Пробуждение от сна много говорит о человеке. О человеке, вообще-то, должно говорить всё: почерк, манера завязывать галстук, чистота ногтей, смех — часто даже больше, чем анкетные данные. Но галстуки завязывают всё реже, письмо от руки вытесняется печатанием на клавиатуре. Остаются смех, ногти, утреннее пробуждение.
Если смех человека тебе противен, то, скорее всего, в дальнейшем ты с ним общаться не будешь. Что-то цельное и тайное разом угадывается и схватывается в смеющемся человеке. А будучи схваченным, либо пленяет и располагает к себе, либо вызывает отвращение.
Но вернёмся к пробуждению. Сон — брат смерти. У греков Морфей и Танатос — близнецы, и греки знали, что говорили. Мы тоже называем мёртвых усопшими, хотя знатоки греческого у нас не на каждом шагу встречаются. Спящие дети могут родить в душе нежность и умиление. Спящие взрослые — это иное. Взрослые храпят, открыв рот, тяжело ворочаются, бормочут, оставаясь во власти дневных забот. Луна обливает их мертвенным светом, и если взрослые улыбаются во сне, то редко эти улыбки невинны.
Утреннее пробуждение — микроподобие Страшного суда, предварительное указание на будущее восстание мёртвых.

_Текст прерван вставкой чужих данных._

text \<open>Adding the coordinates 0 and g, which decide membership in Yg g, makes the finite dependence
  hold on all of Y; multiplying the preimage by P {0, g} moves it into D g.\<close>
lemma Psi_D_onto_C_R:
  fixes f :: "('g::ab_group_add \<Rightarrow> bool) \<Rightarrow> 'r::comm_ring_1"
  assumes f: "f \<in> C_R (Yg g)" shows "\<exists>a\<in>D g. Psi a = f"
proof -
  obtain F where F: "finite F" "\<And>x y. x \<in> Yg g \<Longrightarrow> y \<in> Yg g \<Longrightarrow> y \<in> cylinder F x \<Longrightarrow> f y = f x"
    using C_R_finite_dependence[OF f] by blast
  have out: "f x = 0" if "x \<notin> Yg g" for x
    using f that by (simp add: C_R_def)
  have "f y = f x" if "y \<in> cylinder (insert 0 (insert g F)) x" for x y
  proof -
    have "x \<in> Yg g \<longleftrightarrow> y \<in> Yg g" "y \<in> cylinder F x"
      using that by (auto simp: cylinder_def Yg_def Y_eps_def)
    then show ?thesis using F(2) out by metis
  qed
  then obtain a where a: "a \<in> A_carrier" "Psi a = f"
    using Psi_onto_finite_dependence[of "insert 0 (insert g F)" f] F(1) by blast
  have p: "P {0, g} \<in> (D g :: ('g set \<Rightarrow> 'r) set)" by (simp add: D_def A_carrier_def A_supp_def P_def)
  have "Psi (A_mult (P {0, g}) a) x = f x" for x
  proof -
    have "Psi (A_mult (P {0, g}) a) x = Q {0, g} x * f x"
      using p a by (simp add: Psi_A_mult D_def Psi_P)
    also have "\<dots> = f x" using out[of x] by (auto simp: Q_finite Yg_def Y_eps_def)
    finally show ?thesis .
  qed
  with A_mult_D[OF p a(1)] show ?thesis by blast
qed

lemma bij_betw_Psi_D_C_R: "bij_betw Psi (D g) (C_R (Yg g))"
proof -
  have "inj_on Psi (D g)"
    by (rule inj_on_subset[OF inj_on_Psi]) (auto simp: D_def)
  moreover have "Psi ` D g = C_R (Yg g)"
    using Psi_in_C_R_Yg Psi_D_onto_C_R by blast
  ultimately show ?thesis by (simp add: bij_betw_def)
qed

lemma bij_betw_cp_carrier:
  assumes bij: "\<And>g. bij_betw \<psi> (B g) (C g)"
    and zero: "\<And>g. (\<lambda>_. 0) \<in> B g" "\<psi> (\<lambda>_. 0) = (\<lambda>_. 0)"
  shows "bij_betw (\<lambda>u g. \<psi> (u g)) (cp_carrier B) (cp_carrier C)"
proof -
  have supp: "{g. \<psi> (u g) \<noteq> (\<lambda>_. 0)} = {g. u g \<noteq> (\<lambda>_. 0)}" if "\<And>g. u g \<in> B g" for u
  proof -
    have "\<psi> (u g) = \<psi> (\<lambda>_. 0) \<longleftrightarrow> u g = (\<lambda>_. 0)" for g
      using inj_on_eq_iff[OF bij_betw_imp_inj_on[OF bij[of g]] that[of g] zero(1)[of g]] .
    then show ?thesis using zero(2) by auto
  qed
  have "inj_on (\<lambda>u g. \<psi> (u g)) (cp_carrier B)"
  proof (rule inj_onI, rule ext)
    fix u v g assume "u \<in> cp_carrier B" "v \<in> cp_carrier B" "(\<lambda>g. \<psi> (u g)) = (\<lambda>g. \<psi> (v g))"
    then have "u g \<in> B g" "v g \<in> B g" "\<psi> (u g) = \<psi> (v g)"
      by (auto simp: cp_carrier_def fun_eq_iff)
    then show "u g = v g"
      using inj_on_eq_iff[OF bij_betw_imp_inj_on[OF bij[of g]]] by blast
  qed
  moreover have "(\<lambda>g. \<psi> (u g)) \<in> cp_carrier C" if "u \<in> cp_carrier B" for u
  proof -
    have "u g \<in> B g" for g using that by (simp add: cp_carrier_def)
    with supp[of u] that show ?thesis
      by (simp add: cp_carrier_def bij_betw_apply[OF bij])
  qed
  then have "(\<lambda>u g. \<psi> (u g)) ` cp_carrier B \<subseteq> cp_carrier C" by blast
  moreover have "cp_carrier C \<subseteq> (\<lambda>u g. \<psi> (u g)) ` cp_carrier B"
  proof
    fix w assume w: "w \<in> cp_carrier C"
    define u where "u g = inv_into (B g) \<psi> (w g)" for g
    have u: "u g \<in> B g" "\<psi> (u g) = w g" for g
      using w bij[of g] by (auto simp: u_def cp_carrier_def bij_betw_def inv_into_into f_inv_into_f)
    then have "u \<in> cp_carrier B"
      using supp[of u] w by (simp add: cp_carrier_def)
    moreover have "w = (\<lambda>g. \<psi> (u g))" using u by simp
    ultimately show "w \<in> (\<lambda>u g. \<psi> (u g)) ` cp_carrier B" by blast
  qed
  ultimately show ?thesis by (auto simp: bij_betw_def)
qed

Одни в тот день восстанут легко, пружинисто — как распрямляется согнутое гибкое деревце. А другие поднимутся медленно, с усилием, как влипшие в смолу и не могущие распрямиться. Так по утрам в ночлежках нищие с неохотой надевают на себя постылое тряпьё. Так любители ночной жизни, поменявшие местами ночь и день, со страхом подходят утром к зеркалу. Тяжело и неохотно просыпаюсь и я. Этот факт, лучше всякой калькуляции нравственных падений и восстаний, говорит мне о том, что я — грешник.
Встречал я и других людей. Засыпают они быстро и рано — это обличает в них обладателей здоровой души и чистой совести. Просыпаются легко. Вроде бы, ещё спит человек, но вот открыл глаза, и взгляд из мутного быстро превратился сначала в ясный, сфокусированный, а затем и в бодрый. Человек рад, что живёт, что новый день разворачивается перед ним, как свиток. Два-три потягивания, и — прыжок с постели. Крестное знамение, последний зевок, утренний долг туалетной комнате — и вот они уже молятся Богу, словно ранние птицы поют. Всё быстро, но без спешки; бодро, но без пугающих порывов. Это — воскресшие праведники, те, которые «яко искры по стеблию потекут» (Прем. 3, 7).
Грешник же, вечно тяжёлый на подъём, прячется под душным грузом одеяла. Он, как Иона, проглочен зверем тягостного уныния, и ему, как Ионе, нужно молиться «из глубины».
И в аду нужно молиться. Вы помните об этом? «Держи ум во аде и не отчаивайся», — Силуан Афонский говорил, что не оставит молитвы даже там, в тесной и мрачной преисподней. Видимо, адово чрево лопается, отпуская грешников, если среди тьмы звучит имя Иисусово. Христос спускался в ад после крестной смерти, и ад ослеп от Его сияния. Спаситель не откажется сойти и в наш личный ад, если мы призовём Его с верой.
И так, пока одни впускают в дом уличную свежесть, готовят завтрак, напевают весёлое что-то, другие, разлепив один глаз, уже ужасаются наступившему дню, уже тяжело дышат от севшей на грудь тоски, уже повторяют в уме: «Иисусе, Иисусе, Иисусе, помоги мне». А потом кровь быстрее побежит по жилам и у них. Они спустятся в грязном лифте на первый этаж и выйдут на улицу.
Везде встают,
Огни, уют,
Пьют чай, торопятся к трамваям.
В теченье нескольких минут
Вид города неузнаваем.
И что это снова было с утра? Да и было ли что-то?